| AIM OF THE EXERCISE |
Exactly the line that contains "unfolding m_def std_normal_density_def by simp" and the lines following it to the end of the data are to be reproduced, and nothing more.

| DATA EXTRACT |
·····

(* For any $\varepsilon\in(0,1)$, the second-order coding rate for the biometrical identification problem satisfies \begin{align} L^*(\varepsilon)=\sqrt{\mathrm{V}}\Phi^{-1}(\varepsilon). \end{align}
   Context: Biometrical identification problem: $\mathcal{X},\mathcal{Y},\mathcal{Z}$ are finite alphabets; $M$ feature vectors $X^n(1),\ldots,X^n(M)$ are generated i.i.d. according to $P_X^n$; for each $m$, $Y^n(m)$ is the output of a DMC $P_{Y|X}$ with input $X^n(m)$ and is stored without compression. An index $W$ uniform on $\{1,\ldots,M\}$, independent of everything else, is drawn; the user observes $Z^n$, the output of a DMC $P_{Z|X}$ with input $X^n(W)$, and outputs $\hat{W}=g^{(n)}(Y^n(1),\ldots,Y^n(M),Z^n)$ for a deterministic decoding function $g^{(n)}$; the error probability is $\mathrm{P}_\mathrm{e}^{(n)}(g^{(n)})=\Pr\{\hat{W}\neq W\}$. Let $M^*(n,\varepsilon)$ be the maximum number of items such that $\min_{g^{(n)}}\mathrm{P}_\mathrm{e}^{(n)}(g^{(n)})\leq \varepsilon$, and $L^*(\varepsilon):=\liminf_{n\to\infty}\frac{1}{\sqrt{n}} \big(\log M^*(n,\varepsilon)-nI(P_Y,P_{Z|Y}) \big)$. Here $(Y,Z)\sim P_{YZ}$ induced by $P_X\times P_{Y|X}\times P_{Z|X}$, $\mathrm{V}:=\mathrm{Var}\left[\log\frac{P_{Z|Y}(Z|Y)}{P_Z(Z)}\right]>0$ is assumed, and $\Phi^{-1}$ is the inverse of the standard Gaussian cumulative distribution function. *)

theory Defs
  imports "HOL-Probability.Probability"
begin

definition Phi :: "real \<Rightarrow> real" where
  "Phi = cdf (density lborel std_normal_density)"

definition Phi_inv :: "real \<Rightarrow> real" where
  "Phi_inv e = (THE t. Phi t = e)"

definition seqs :: "nat \<Rightarrow> 'a list set" where
  "seqs n = {xs. length xs = n}"

definition iid_prob :: "'a pmf \<Rightarrow> 'a list \<Rightarrow> real" where
  "iid_prob P xs = prod_list (map (pmf P) xs)"

definition dmc_prob :: "('a \<Rightarrow> 'b pmf) \<Rightarrow> 'a list \<Rightarrow> 'b list \<Rightarrow> real" where
  "dmc_prob W xs ys = prod_list (map2 (\<lambda>a b. pmf (W a) b) xs ys)"

text \<open>Items are indexed by 0..M-1. A decoder maps the stored database
  (Y^n(0),...,Y^n(M-1)) and the observation Z^n to an index.
  Error probability Pr{g(Y^n(0..M-1), Z^n) != W} with W uniform on {0..<M}.\<close>
definition err_prob ::
  "'x pmf \<Rightarrow> ('x \<Rightarrow> 'y pmf) \<Rightarrow> ('x \<Rightarrow> 'z pmf) \<Rightarrow> nat \<Rightarrow> nat
    \<Rightarrow> ((nat \<Rightarrow> 'y list) \<Rightarrow> 'z list \<Rightarrow> nat) \<Rightarrow> real" where
  "err_prob PX PYX PZX n M g =
     (\<Sum>w<M. \<Sum>xs\<in>PiE {..<M} (\<lambda>_. seqs n). \<Sum>ys\<in>PiE {..<M} (\<lambda>_. seqs n). \<Sum>zs\<in>seqs n.
        (\<Prod>m<M. iid_prob PX (xs m) * dmc_prob PYX (xs m) (ys m))
        * dmc_prob PZX (xs w) zs * (if g ys zs \<noteq> w then 1 else 0)) / real M"

definition Mstar ::
  "'x pmf \<Rightarrow> ('x \<Rightarrow> 'y pmf) \<Rightarrow> ('x \<Rightarrow> 'z pmf) \<Rightarrow> nat \<Rightarrow> real \<Rightarrow> nat" where
  "Mstar PX PYX PZX n eps =
     Max {M. 1 \<le> M \<and> (\<exists>g. err_prob PX PYX PZX n M g \<le> eps)}"

definition PYZ :: "'x::finite pmf \<Rightarrow> ('x \<Rightarrow> 'y pmf) \<Rightarrow> ('x \<Rightarrow> 'z pmf) \<Rightarrow> 'y \<Rightarrow> 'z \<Rightarrow> real" where
  "PYZ PX PYX PZX y z = (\<Sum>x\<in>UNIV. pmf PX x * pmf (PYX x) y * pmf (PZX x) z)"

definition PY :: "'x::finite pmf \<Rightarrow> ('x \<Rightarrow> 'y pmf) \<Rightarrow> ('x \<Rightarrow> 'z::finite pmf) \<Rightarrow> 'y \<Rightarrow> real" where
  "PY PX PYX PZX y = (\<Sum>z\<in>UNIV. PYZ PX PYX PZX y z)"

definition PZ :: "'x::finite pmf \<Rightarrow> ('x \<Rightarrow> 'y::finite pmf) \<Rightarrow> ('x \<Rightarrow> 'z pmf) \<Rightarrow> 'z \<Rightarrow> real" where
  "PZ PX PYX PZX z = (\<Sum>y\<in>UNIV. PYZ PX PYX PZX y z)"

definition info_dens :: "'x::finite pmf \<Rightarrow> ('x \<Rightarrow> 'y::finite pmf) \<Rightarrow> ('x \<Rightarrow> 'z::finite pmf) \<Rightarrow> 'y \<Rightarrow> 'z \<Rightarrow> real" where
  "info_dens PX PYX PZX y z =
     ln ((PYZ PX PYX PZX y z / PY PX PYX PZX y) / PZ PX PYX PZX z)"

definition mutual_info :: "'x::finite pmf \<Rightarrow> ('x \<Rightarrow> 'y::finite pmf) \<Rightarrow> ('x \<Rightarrow> 'z::finite pmf) \<Rightarrow> real" where
  "mutual_info PX PYX PZX =
     (\<Sum>y\<in>UNIV. \<Sum>z\<in>UNIV. PYZ PX PYX PZX y z * info_dens PX PYX PZX y z)"

definition dispersion :: "'x::finite pmf \<Rightarrow> ('x \<Rightarrow> 'y::finite pmf) \<Rightarrow> ('x \<Rightarrow> 'z::finite pmf) \<Rightarrow> real" where
  "dispersion PX PYX PZX =
     (\<Sum>y\<in>UNIV. \<Sum>z\<in>UNIV. PYZ PX PYX PZX y z *
        (info_dens PX PYX PZX y z - mutual_info PX PYX PZX)\<^sup>2)"

end

theory Submission
  imports Defs
begin

(*
  Write F_n(t) for the probability that the n-letter information density i(Y^n; Z^n) is at most t.
  The threshold decoder that outputs the first item whose stored record passes the test
  i(Y^n(m); Z^n) > t has error at most F_n(t) + M e^(-t) for M items:
  the true item fails the test with probability F_n(t), and each of the other M - 1 records,
  being independent of Z^n, passes it with probability at most e^(-t).  Conversely, for every
  decoder the success probability is at most 1 - F_n(t) + e^t / M, by comparing the joint law of
  the true record and Z^n with the product law on the event i <= t.  By the central limit theorem
  F_n(n I + a sqrt n) tends to Phi(a / sqrt V).  Choosing t = ln M +- delta sqrt n in the two bounds
  pins ln M*(n, eps) between n I + (sqrt V Phi^-1(eps) -+ 3 delta) sqrt n for all large n, so the
  normalised sequence converges to sqrt V Phi^-1(eps), and its liminf is this limit.
*)

section \<open>The standard Gaussian distribution function\<close>

lemma Phi_eq_cdf: "Phi = cdf std_normal_distribution"
  unfolding Phi_def by simp

interpretation std_normal: real_distribution std_normal_distribution
  by (rule real_dist_normal_dist)

lemma isCont_Phi: "isCont Phi x"
proof -
  have "emeasure std_normal_distribution {x} = 0"
    by (subst emeasure_density) (auto intro!: nn_integral_null_set)
  then show ?thesis
    unfolding Phi_eq_cdf std_normal.isCont_cdf by (simp add: measure_def)
qed

lemma Phi_strict_mono:
  assumes "a < b"
  shows "Phi a < Phi b"
proof -
  \<comment> \<open>The density is bounded below by its value at the endpoint farther from 0.\<close>
  define m where "m = std_normal_density (max \<bar>a\<bar> \<bar>b\<bar>)"
  have "m > 0"
    unfolding m_def std_normal_density_def by simp
  have density_ge: "m \<le> std_normal_density x" if "x \<in> {a<..b}" for x
  proof -
    have "x\<^sup>2 \<le> (max \<bar>a\<bar> \<bar>b\<bar>)\<^sup>2"
      using that by (auto simp flip: abs_le_square_iff)
    then show ?thesis
      unfolding m_def std_normal_density_def by (intro mult_left_mono) auto
  qed
  have "ennreal (m * (b - a)) = (\<integral>\<^sup>+ x. ennreal m * indicator {a<..b} x \<partial>lborel)"
    using assms \<open>m > 0\<close> by (simp add: nn_integral_cmult ennreal_mult)
  also have "\<dots> \<le> (\<integral>\<^sup>+ x. ennreal (std_normal_density x) * indicator {a<..b} x \<partial>lborel)"
    by (intro nn_integral_mono) (auto split: split_indicator intro: density_ge)
  also have "\<dots> = emeasure std_normal_distribution {a<..b}"
    by (subst emeasure_density) auto
  finally have "m * (b - a) \<le> measure std_normal_distribution {a<..b}"
    by (simp add: std_normal.emeasure_eq_measure)
  moreover have "m * (b - a) > 0"
    using \<open>m > 0\<close> assms by simp
  ultimately show ?thesis
    unfolding Phi_eq_cdf using std_normal.cdf_diff_eq[OF assms] by simp
qed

·····

| TASK SOLUTION |
    unfolding m_def std_normal_density_def by simp
  have density_ge: "m \<le> std_normal_density x" if "x \<in> {a<..b}" for x
  proof -
    have "x\<^sup>2 \<le> (max \<bar>a\<bar> \<bar>b\<bar>)\<^sup>2"
      using that by (auto simp flip: abs_le_square_iff)
    then show ?thesis
      unfolding m_def std_normal_density_def by (intro mult_left_mono) auto
  qed
  have "ennreal (m * (b - a)) = (\<integral>\<^sup>+ x. ennreal m * indicator {a<..b} x \<partial>lborel)"
    using assms \<open>m > 0\<close> by (simp add: nn_integral_cmult ennreal_mult)
  also have "\<dots> \<le> (\<integral>\<^sup>+ x. ennreal (std_normal_density x) * indicator {a<..b} x \<partial>lborel)"
    by (intro nn_integral_mono) (auto split: split_indicator intro: density_ge)
  also have "\<dots> = emeasure std_normal_distribution {a<..b}"
    by (subst emeasure_density) auto
  finally have "m * (b - a) \<le> measure std_normal_distribution {a<..b}"
    by (simp add: std_normal.emeasure_eq_measure)
  moreover have "m * (b - a) > 0"
    using \<open>m > 0\<close> assms by simp
  ultimately show ?thesis
    unfolding Phi_eq_cdf using std_normal.cdf_diff_eq[OF assms] by simp
qed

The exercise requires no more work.